Thats number one. Now, in the negotiations itself, I know the mood. I know that among the Palestinians there is mistrust vis--vis Israel and our government. We are aware of it. What Im asking -- and why is that? Because there isnt -- if Israel would be against a Palestinian state, would we permit you to build an economy, a police force, institutions? Why are we doing it? And I believe that as things will progress, we can handle the responsibilities for security wherever and whenever they will be ready. For example, if Jenin can police herself, our army will be glad to hand over the security to them. And if there are six or seven cities, lets go.

We suggested, like in the road map to recognize the Palestinian state with provisional borders. But the Palestinians didnt like it, and Mubarak told me leave it alone. They are getting angry with it. Okay. So we dont need lines. We dont need -- okay, I shall stop here, because –

VICE PRESIDENT BIDEN: No, Im anxious -- I love hearing you speak. (Laughter.) I really do. Ive told you, Mr. President, you are the most articulate statesman I have ever known. And I have been around for a long, long time. I always -- I always enjoy not only your knowledge, but your wisdom. I mean that sincerely. You know I have told you that over the years.

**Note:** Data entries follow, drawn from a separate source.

(* For every $n \geq 2$, $n-1$ divides $d_{n1}$.
   Context: A linear arrangement of $\{1,\ldots,n\}$ is a sequence $a_1\cdots a_n$ in which each of $1,\ldots,n$ appears exactly once. It contains the pattern $ij$ if $a_t=i$ and $a_{t+1}=j$ for some $t$; otherwise it avoids it. $d_{n1}$ is the number of linear arrangements of $\{1,\ldots,n\}$ that avoid all of the patterns $12, 23, \ldots, (n-1)n$ and contain the pattern $n1$. *)

theory Defs
  imports Main
begin

definition linear_arrangements :: "nat \<Rightarrow> nat list set" where
  "linear_arrangements n = {xs. distinct xs \<and> set xs = {1..n}}"

definition contains_pattern :: "nat list \<Rightarrow> nat \<Rightarrow> nat \<Rightarrow> bool" where
  "contains_pattern xs i j \<longleftrightarrow> (\<exists>t. Suc t < length xs \<and> xs ! t = i \<and> xs ! Suc t = j)"

definition d_n1 :: "nat \<Rightarrow> nat" where
  "d_n1 n = card {xs \<in> linear_arrangements n.
      (\<forall>i. 1 \<le> i \<and> i < n \<longrightarrow> \<not> contains_pattern xs i (i + 1)) \<and> contains_pattern xs n 1}"

end

theory Submission
  imports Defs "HOL-Number_Theory.Cong"
begin

text \<open>Deleting n from an arrangement counted by d_n1 n leaves, with m = n - 1, an arrangement
  of {1..m} in which no a is immediately followed by its cyclic successor a mod m + 1, because n
  stood directly before 1 and so an adjacent pair m 1 could only arise from the forbidden m n.
  Inserting n in front of 1 undoes the deletion.  The rotations x \<mapsto> x + d (mod m) preserve these
  cyclically succession-free arrangements and carry any first entry to any other, so the m
  classes by first entry are equinumerous.\<close>

definition adjs :: "'a list \<Rightarrow> ('a \<times> 'a) list" where
  "adjs xs = zip xs (tl xs)"

lemma adjs_simps [simp]:
  "adjs [] = []" "adjs [x] = []" "adjs (x # y # zs) = (x, y) # adjs (y # zs)"
  by (simp_all add: adjs_def)

lemma contains_pattern_iff_adjs: "contains_pattern xs i j \<longleftrightarrow> (i, j) \<in> set (adjs xs)"
  by (force simp: contains_pattern_def adjs_def set_zip nth_tl)

lemma adjs_in_set: "(a, b) \<in> set (adjs xs) \<Longrightarrow> a \<in> set xs \<and> b \<in> set xs"
  by (induction xs rule: induct_list012) auto

lemma adjs_map: "adjs (map f xs) = map (map_prod f f) (adjs xs)"
  by (induction xs rule: induct_list012) auto

fun insert_before :: "'a \<Rightarrow> 'a \<Rightarrow> 'a list \<Rightarrow> 'a list" where
  "insert_before a b [] = []"
| "insert_before a b (x # xs) =
     (if x = b then a # b # insert_before a b xs else x # insert_before a b xs)"

lemma set_insert_before:
  "set (insert_before a b xs) = set xs \<union> (if b \<in> set xs then {a} else {})"
  by (induction xs) auto

lemma distinct_insert_before:
  "distinct xs \<Longrightarrow> a \<notin> set xs \<Longrightarrow> distinct (insert_before a b xs)"
  by (induction xs) (auto simp: set_insert_before)

lemma insert_before_absent: "b \<notin> set xs \<Longrightarrow> insert_before a b xs = xs"
  by (induction xs) auto

lemma filter_insert_before:
  "a \<notin> set xs \<Longrightarrow> filter (\<lambda>x. x \<noteq> a) (insert_before a b xs) = xs"
  by (induction xs) auto

lemma insert_before_filter:
  assumes "distinct xs" "a \<noteq> b" "(a, b) \<in> set (adjs xs)"
  shows "insert_before a b (filter (\<lambda>x. x \<noteq> a) xs) = xs"
  using assms
proof (induction xs rule: induct_list012)
  case (3 x y zs)
  show ?case
  proof (cases "x = a")
    case True
    with "3.prems" have "y = b" "a \<notin> set zs" "b \<notin> set zs"
      by (auto dest: adjs_in_set)
    with True \<open>a \<noteq> b\<close> show ?thesis
      by (auto simp: insert_before_absent filter_id_conv)
  next
    case False
    with "3.prems" have "x \<noteq> b"
      by (auto dest: adjs_in_set)
    with False "3.prems" "3.IH"(2) show ?thesis by auto
  qed
qed auto

lemma adjs_insert_before_new: "b \<in> set xs \<Longrightarrow> (a, b) \<in> set (adjs (insert_before a b xs))"
proof (induction xs rule: induct_list012)
  case (3 x y zs)
  then show ?case by (cases "y = b") auto
qed auto

lemma adjs_insert_before_unchanged:
  assumes "u \<noteq> a" "w \<noteq> a" "w \<noteq> b"
  shows "(u, w) \<in> set (adjs (insert_before a b xs)) \<longleftrightarrow> (u, w) \<in> set (adjs xs)"
  using assms
proof (induction xs rule: induct_list012)
  case (3 x y zs)
  then show ?case by (cases "y = b") auto
qed auto

lemma adjs_insert_before_into:
  assumes "a \<notin> set xs"
  shows "(u, a) \<in> set (adjs (insert_before a b xs)) \<longleftrightarrow> (u, b) \<in> set (adjs xs)"
  using assms
proof (induction xs rule: induct_list012)
  case (3 x y zs)
  then show ?case by (cases "y = b") auto
qed auto

definition cyclic_succ_free :: "nat \<Rightarrow> nat list set" where
  "cyclic_succ_free m =
     {ys \<in> linear_arrangements m. \<forall>(a, b) \<in> set (adjs ys). b \<noteq> a mod m + 1}"

definition cyclic_succ_free_from :: "nat \<Rightarrow> nat \<Rightarrow> nat list set" where
  "cyclic_succ_free_from m j = {ys \<in> cyclic_succ_free m. hd ys = j}"

lemma finite_cyclic_succ_free: "finite (cyclic_succ_free m)"
proof -
  have "cyclic_succ_free m \<subseteq> {xs. set xs \<subseteq> {1..m} \<and> length xs \<le> m}"
    by (auto simp: cyclic_succ_free_def linear_arrangements_def dest: distinct_card[symmetric])
  then show ?thesis
    using finite_lists_length_le[of "{1..m}" m] by (rule finite_subset) simp
qed

lemma cyclic_succ_free_hd:
  assumes "0 < m" "ys \<in> cyclic_succ_free m"
  shows "ys \<noteq> [] \<and> hd ys \<in> {1..m}"
proof -
  have "set ys = {1..m}"
    using assms(2) by (simp add: cyclic_succ_free_def linear_arrangements_def)
  moreover from this assms(1) have "ys \<noteq> []" by auto
  ultimately show ?thesis using hd_in_set by blast
qed

definition cyc_shift :: "nat \<Rightarrow> nat \<Rightarrow> nat \<Rightarrow> nat" where
  "cyc_shift m d x = (x - 1 + d) mod m + 1"

lemma cyc_shift_in_range: "0 < m \<Longrightarrow> cyc_shift m d x \<in> {1..m}"
  by (simp add: cyc_shift_def Suc_leI)

lemma cyc_shift_succ: "1 \<le> x \<Longrightarrow> cyc_shift m d (x mod m + 1) = cyc_shift m d x mod m + 1"
  by (simp add: cyc_shift_def mod_Suc_eq mod_add_left_eq)

lemma inj_on_cyc_shift: "inj_on (cyc_shift m d) {1..m}"
proof (rule inj_onI)
  fix x y assume "x \<in> {1..m}" "y \<in> {1..m}" "cyc_shift m d x = cyc_shift m d y"
  then have "[x - 1 + d = y - 1 + d] (mod m)"
    by (simp only: cyc_shift_def cong_def add_right_cancel)
  then have "[x - 1 = y - 1] (mod m)"
    by (simp only: cong_add_rcancel_nat)
  moreover have "x - 1 < m" "y - 1 < m"
    using \<open>x \<in> {1..m}\<close> \<open>y \<in> {1..m}\<close> by auto
  ultimately have "x - 1 = y - 1" by (rule cong_less_modulus_unique_nat)
  with \<open>x \<in> {1..m}\<close> \<open>y \<in> {1..m}\<close> show "x = y" by auto
qed

lemma cyc_shift_onto:
  assumes "0 < m"
  shows "cyc_shift m d ` {1..m} = {1..m}"
  using cyc_shift_in_range[OF assms] inj_on_cyc_shift by (intro endo_inj_surj) auto

lemma cyc_shift_hits:
  assumes "j \<in> {1..m}" "j' \<in> {1..m}"
  shows "cyc_shift m (j' + m - j) j = j'"
proof -
  have shift: "j - 1 + (j' + m - j) = (j' - 1) + m" using assms by auto
  show ?thesis using assms unfolding cyc_shift_def shift by (subst mod_add_self2) auto
qed

lemma map_cyc_shift_cyclic_succ_free:
  assumes m: "0 < m" and ys: "ys \<in> cyclic_succ_free m"
  shows "map (cyc_shift m d) ys \<in> cyclic_succ_free m"
proof -
  have set_ys: "set ys = {1..m}" and "distinct ys"
    and free: "\<forall>(a, b) \<in> set (adjs ys). b \<noteq> a mod m + 1"
    using ys by (auto simp: cyclic_succ_free_def linear_arrangements_def)
  have "cyc_shift m d b \<noteq> cyc_shift m d a mod m + 1" if ab: "(a, b) \<in> set (adjs ys)" for a b
  proof
    have a: "a \<in> {1..m}" and b: "b \<in> {1..m}" using adjs_in_set[OF ab] set_ys by auto
    assume "cyc_shift m d b = cyc_shift m d a mod m + 1"
    also have "\<dots> = cyc_shift m d (a mod m + 1)"
      using a by (simp only: cyc_shift_succ atLeastAtMost_iff)
    finally have "b = a mod m + 1"
      by (rule inj_onD[OF inj_on_cyc_shift]) (use b m in \<open>auto intro: Suc_leI\<close>)
    with free ab show False by auto
  qed
  then have "\<forall>(a', b') \<in> set (adjs (map (cyc_shift m d) ys)). b' \<noteq> a' mod m + 1"
    by (auto simp: adjs_map)
  moreover have "set (map (cyc_shift m d) ys) = {1..m}"
    using set_ys cyc_shift_onto[OF m] by simp
  moreover have "distinct (map (cyc_shift m d) ys)"
    using \<open>distinct ys\<close> inj_on_cyc_shift set_ys by (simp add: distinct_map)
  ultimately show ?thesis
    by (simp add: cyclic_succ_free_def linear_arrangements_def)
qed

lemma card_cyclic_succ_free_from_le:
  assumes m: "0 < m" and j: "j \<in> {1..m}" and j': "j' \<in> {1..m}"
  shows "card (cyclic_succ_free_from m j) \<le> card (cyclic_succ_free_from m j')"
proof (rule card_inj_on_le)
  let ?f = "map (cyc_shift m (j' + m - j))"
  show "inj_on ?f (cyclic_succ_free_from m j)"
    by (rule inj_onI, rule map_inj_on, assumption, rule inj_on_subset[OF inj_on_cyc_shift])
      (auto simp: cyclic_succ_free_from_def cyclic_succ_free_def linear_arrangements_def)
  show "?f ` cyclic_succ_free_from m j \<subseteq> cyclic_succ_free_from m j'"
    using map_cyc_shift_cyclic_succ_free[OF m] cyclic_succ_free_hd[OF m] cyc_shift_hits[OF j j']
    by (auto simp: cyclic_succ_free_from_def hd_map)
  show "finite (cyclic_succ_free_from m j')"
    using finite_cyclic_succ_free by (simp add: cyclic_succ_free_from_def)
qed

lemma card_cyclic_succ_free:
  assumes m: "0 < m"
  shows "card (cyclic_succ_free m) = m * card (cyclic_succ_free_from m 1)"
proof -
  have "cyclic_succ_free m = (\<Union>j\<in>{1..m}. cyclic_succ_free_from m j)"
    using cyclic_succ_free_hd[OF m] by (auto simp: cyclic_succ_free_from_def)
  also have "card \<dots> = (\<Sum>j\<in>{1..m}. card (cyclic_succ_free_from m j))"
    using finite_cyclic_succ_free
    by (intro card_UN_disjoint) (auto simp: cyclic_succ_free_from_def)
  also have "\<dots> = (\<Sum>j\<in>{1..m}. card (cyclic_succ_free_from m 1))"
    using m card_cyclic_succ_free_from_le[OF m] by (intro sum.cong) (auto intro: antisym)
  finally show ?thesis by simp
qed

lemma succession_insert_before_iff:
  fixes ys :: "nat list"
  assumes "set ys \<subseteq> {1..m}" "1 \<le> i" "i \<le> m"
  shows "(i, i + 1) \<in> set (adjs (insert_before (m + 1) 1 ys))
     \<longleftrightarrow> (i, i mod m + 1) \<in> set (adjs ys)"
proof (cases "i = m")
  case True
  have "m + 1 \<notin> set ys" using assms(1) by auto
  with True show ?thesis by (simp add: adjs_insert_before_into)
next
  case False
  with assms(2,3) show ?thesis by (simp add: adjs_insert_before_unchanged)
qed

definition succ_free_n1 :: "nat \<Rightarrow> nat list set" where
  "succ_free_n1 n = {xs \<in> linear_arrangements n.
      (\<forall>i. 1 \<le> i \<and> i < n \<longrightarrow> (i, i + 1) \<notin> set (adjs xs)) \<and> (n, 1) \<in> set (adjs xs)}"

lemma insert_before_succ_free_n1:
  assumes m: "0 < m" and ys: "ys \<in> cyclic_succ_free m"
  shows "insert_before (m + 1) 1 ys \<in> succ_free_n1 (m + 1)"
proof -
  have set_ys: "set ys = {1..m}" and "distinct ys"
    and free: "\<forall>(a, b) \<in> set (adjs ys). b \<noteq> a mod m + 1"
    using ys by (auto simp: cyclic_succ_free_def linear_arrangements_def)
  have one: "1 \<in> set ys" using set_ys m by simp
  have "set (insert_before (m + 1) 1 ys) = {1..m + 1}"
    using set_ys one by (auto simp: set_insert_before)
  moreover have "distinct (insert_before (m + 1) 1 ys)"
    using \<open>distinct ys\<close> set_ys by (simp add: distinct_insert_before)
  moreover have "(m + 1, 1) \<in> set (adjs (insert_before (m + 1) 1 ys))"
    using one by (rule adjs_insert_before_new)
  moreover have "(i, i + 1) \<notin> set (adjs (insert_before (m + 1) 1 ys))"
    if "1 \<le> i" "i < m + 1" for i
    using that free set_ys succession_insert_before_iff[of ys m i] by auto
  ultimately show ?thesis
    by (simp add: succ_free_n1_def linear_arrangements_def)
qed

lemma filter_succ_free_n1:
  assumes m: "0 < m" and xs: "xs \<in> succ_free_n1 (m + 1)"
  shows "filter (\<lambda>x. x \<noteq> m + 1) xs \<in> cyclic_succ_free m"
    and "insert_before (m + 1) 1 (filter (\<lambda>x. x \<noteq> m + 1) xs) = xs"
proof -
  let ?ys = "filter (\<lambda>x. x \<noteq> m + 1) xs"
  have "distinct xs" and set_xs: "set xs = {1..m + 1}"
    and free: "\<And>i. 1 \<le> i \<Longrightarrow> i < m + 1 \<Longrightarrow> (i, i + 1) \<notin> set (adjs xs)"
    and "(m + 1, 1) \<in> set (adjs xs)"
    using xs by (auto simp: succ_free_n1_def linear_arrangements_def)
  then show xs_eq: "insert_before (m + 1) 1 ?ys = xs"
    using m by (intro insert_before_filter) auto
  have set_ys: "set ?ys = {1..m}" using set_xs by auto
  have "\<forall>(a, b) \<in> set (adjs ?ys). b \<noteq> a mod m + 1"
  proof clarify
    fix a assume pair: "(a, a mod m + 1) \<in> set (adjs ?ys)"
    then have "a \<in> {1..m}" using set_ys adjs_in_set[OF pair] by blast
    then have "(a, a + 1) \<in> set (adjs xs)"
      using pair set_ys succession_insert_before_iff[of ?ys m a] xs_eq by auto
    with free[of a] \<open>a \<in> {1..m}\<close> show False by auto
  qed
  with set_ys \<open>distinct xs\<close> show "?ys \<in> cyclic_succ_free m"
    by (simp add: cyclic_succ_free_def linear_arrangements_def)
qed

lemma bij_betw_insert_before_cyclic_succ_free:
  assumes m: "0 < m"
  shows "bij_betw (insert_before (m + 1) 1) (cyclic_succ_free m) (succ_free_n1 (m + 1))"
proof (rule bij_betw_byWitness[where f' = "filter (\<lambda>x. x \<noteq> m + 1)"])
  show "\<forall>ys \<in> cyclic_succ_free m. filter (\<lambda>x. x \<noteq> m + 1) (insert_before (m + 1) 1 ys) = ys"
    by (auto simp: cyclic_succ_free_def linear_arrangements_def filter_insert_before)
  show "\<forall>xs \<in> succ_free_n1 (m + 1). insert_before (m + 1) 1 (filter (\<lambda>x. x \<noteq> m + 1) xs) = xs"
    using filter_succ_free_n1(2)[OF m] by blast
  show "insert_before (m + 1) 1 ` cyclic_succ_free m \<subseteq> succ_free_n1 (m + 1)"
    using insert_before_succ_free_n1[OF m] by blast
  show "filter (\<lambda>x. x \<noteq> m + 1) ` succ_free_n1 (m + 1) \<subseteq> cyclic_succ_free m"
    using filter_succ_free_n1(1)[OF m] by blast
qed

theorem corollary4p10:
  fixes n :: nat
  assumes "n \<ge> 2"
  shows "(n - 1) dvd d_n1 n"
proof -
  define m where "m = n - 1"
  have n: "n = m + 1" and m: "0 < m" using assms by (auto simp: m_def)
  have "d_n1 n = card (succ_free_n1 n)"
    by (simp add: d_n1_def succ_free_n1_def contains_pattern_iff_adjs)
  also have "\<dots> = card (cyclic_succ_free m)"
    using bij_betw_insert_before_cyclic_succ_free[OF m] by (simp add: n bij_betw_same_card)
  also have "\<dots> = m * card (cyclic_succ_free_from m 1)"
    using m by (rule card_cyclic_succ_free)
  finally show ?thesis by (simp add: m_def)
qed

end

PRESIDENT PERES: I know. I keep it –

VICE PRESIDENT BIDEN: Well, let me just briefly respond.

PRESIDENT PERES: Yes.

VICE PRESIDENT BIDEN: First of all, you know you talked about my being a friend of Israel from the time I was a young senator.

PRESIDENT PERES: What was it, 32?

VICE PRESIDENT BIDEN: Thirty years old -- 29, actually. But I arrived at the Senate educated by a righteous Christian, my father, who -- we spent our dinner table -- we assembled at our dinner table in the evening to have discussions and incidentally eat rather than eat and incidentally have discussions. And -- but Israel captured my heart. I make no bones about it. That does not mean I do not understand and have a great empathy for the circumstances of the Palestinians, but Israel captured my heart and my imagination.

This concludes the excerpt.